December 13, 2012
A federal appellate court has turned down a retailer appeal to review part of the controversial settlement in a massive credit card interchange case, clearing the way for the trial court to move toward final approval. Meanwhile, the Herculean task of notifying millions of merchants about the settlement is getting under way.
Legal experts say the terse refusal of the Second U.S. Circuit Court of Appeals in New York this week to intervene is no surprise. With settlements, appellate courts usually refuse to get involved until after the trial court gives final approval. In this case, the trial court is the U.S. District Court in Brooklyn, N.Y., where Judge John Gleeson gave preliminary approval Nov. 9 and has set a hearing for next Sept. 13 to consider final approval.
“It's hard to get an appellate court to rule on that, they want the trial court to do its thing,” says payments attorney Anita Boomstein, a partner with Hughes Hubbard & Reed LLP in New York who has advised some merchants but is not formally involved in the case.
Lawyers representing some individual merchants as well as at least seven merchant trade groups asked the Second Circuit to consider a narrow part of Gleeson’s preliminary approval, that being a provision of the settlement that releases defendants Visa Inc., MasterCard Inc., and a handful of major banks from liability for interchange pricing policies. That release, which would affect current and future card-accepting merchants, is shaping up to be the key objection that 1,200 retailers and trade associations have to the settlement of the 7-year-old litigation in which merchant plaintiffs accused the networks and banks of using anti-competitive practices in setting interchange.
Under the settlement announced in July by lawyers for both sides, the defendants will pay class merchants about $6 billion in damages, and Visa and MasterCard will provide another $1.2 billion in temporarily reduced interchange rates and ease up on certain rules, especially ones restricting merchants’ ability to surcharge for card transactions. In return, the networks want release from future court challenges by merchants to interchange and network rules. The defendants also are paying about $550 million to a handful of large merchant plaintiffs that have now dropped their claims.

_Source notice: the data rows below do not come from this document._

(* There is an absolute constant $c>0$ such that for every comparison-based search algorithm $A$ (deterministic or randomized) that takes a predicted distribution $\hat p$ on $[n]$ and a target key and locates the target among sorted keys $a_1<\dots<a_n$, and for every $n\ge1$, every $h\in[0,\log n]$ and every $\eta\in[1,n]$: the supremum of the expected number of comparisons made by $A$, taken over all instances $(p,\hat p)$ of distributions on $[n]$ with $H(p)\le h$ and earth mover's distance between $p$ and $\hat p$ at most $\eta$ (target $a=a_i$ drawn with probability $p_i$), is at least $c\,(h+\log\eta)$. In particular, the worst-case expected query complexity of any such algorithm is $\Omega(H(p)+\log\eta)$.
   Context: All logarithms are base 2. $H(p)=-\sum_i p_i\log p_i$ is the entropy. The earth mover's distance between distributions $P,Q$ on $[n]$ is $\inf_{\gamma\in\Pi(P,Q)}\mathbb{E}_{(x,y)\sim\gamma}|x-y|$, with $\Pi(P,Q)$ the set of couplings of $P$ and $Q$. A comparison of the target $a$ with a key $a_j$ returns whether $a<a_j$, $a=a_j$ or $a>a_j$ and counts as one query. (The paper combines its lower bound $\Omega(\log\eta)$ for instances with $H(p)=0$ with the known fact that any comparison-based search needs $\Omega(H(p))$ expected comparisons even when $\hat p=p$.) *)

theory Defs
  imports "HOL-Probability.Probability"
begin

text \<open>Comparison decision trees over sorted keys a_1 < ... < a_n.
  A node Node j l e g compares the target a with the key a_j and continues
  in l, e or g according as a < a_j, a = a_j or a > a_j.
  Since the keys are sorted and the target is a = a_i, the comparison of a with a_j
  has the same outcome as comparing the indices i and j.\<close>

datatype dtree = Leaf nat | Node nat dtree dtree dtree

Gleeson indicated that the standard for final approval is much higher than the one for preliminary approval, which means that the objecting plaintiffs still have some hope even though parts of the settlement already are going into effect or will be soon. For example, the networks have 60 days from Nov. 27, when the court entered Gleeson’s order implementing preliminary approval, to conform their rules to terms of the proposed settlement.
Meanwhile, the district court is setting up the machinery to administer the settlement process. Gleeson appointed Kansas City, Kan.-based Epiq Systems Inc., a specialist in legal-systems administration and technology, to oversee notifications and related matters. That will be a big job: the class settlement covers any merchant that has accepted Visa and MasterCard cards between Jan. 1, 2004, and late 2012. Experts estimate that universe to include 6 million to 8 million merchants. The settlement agreement calls for merchant acquirers to assist in the notification process.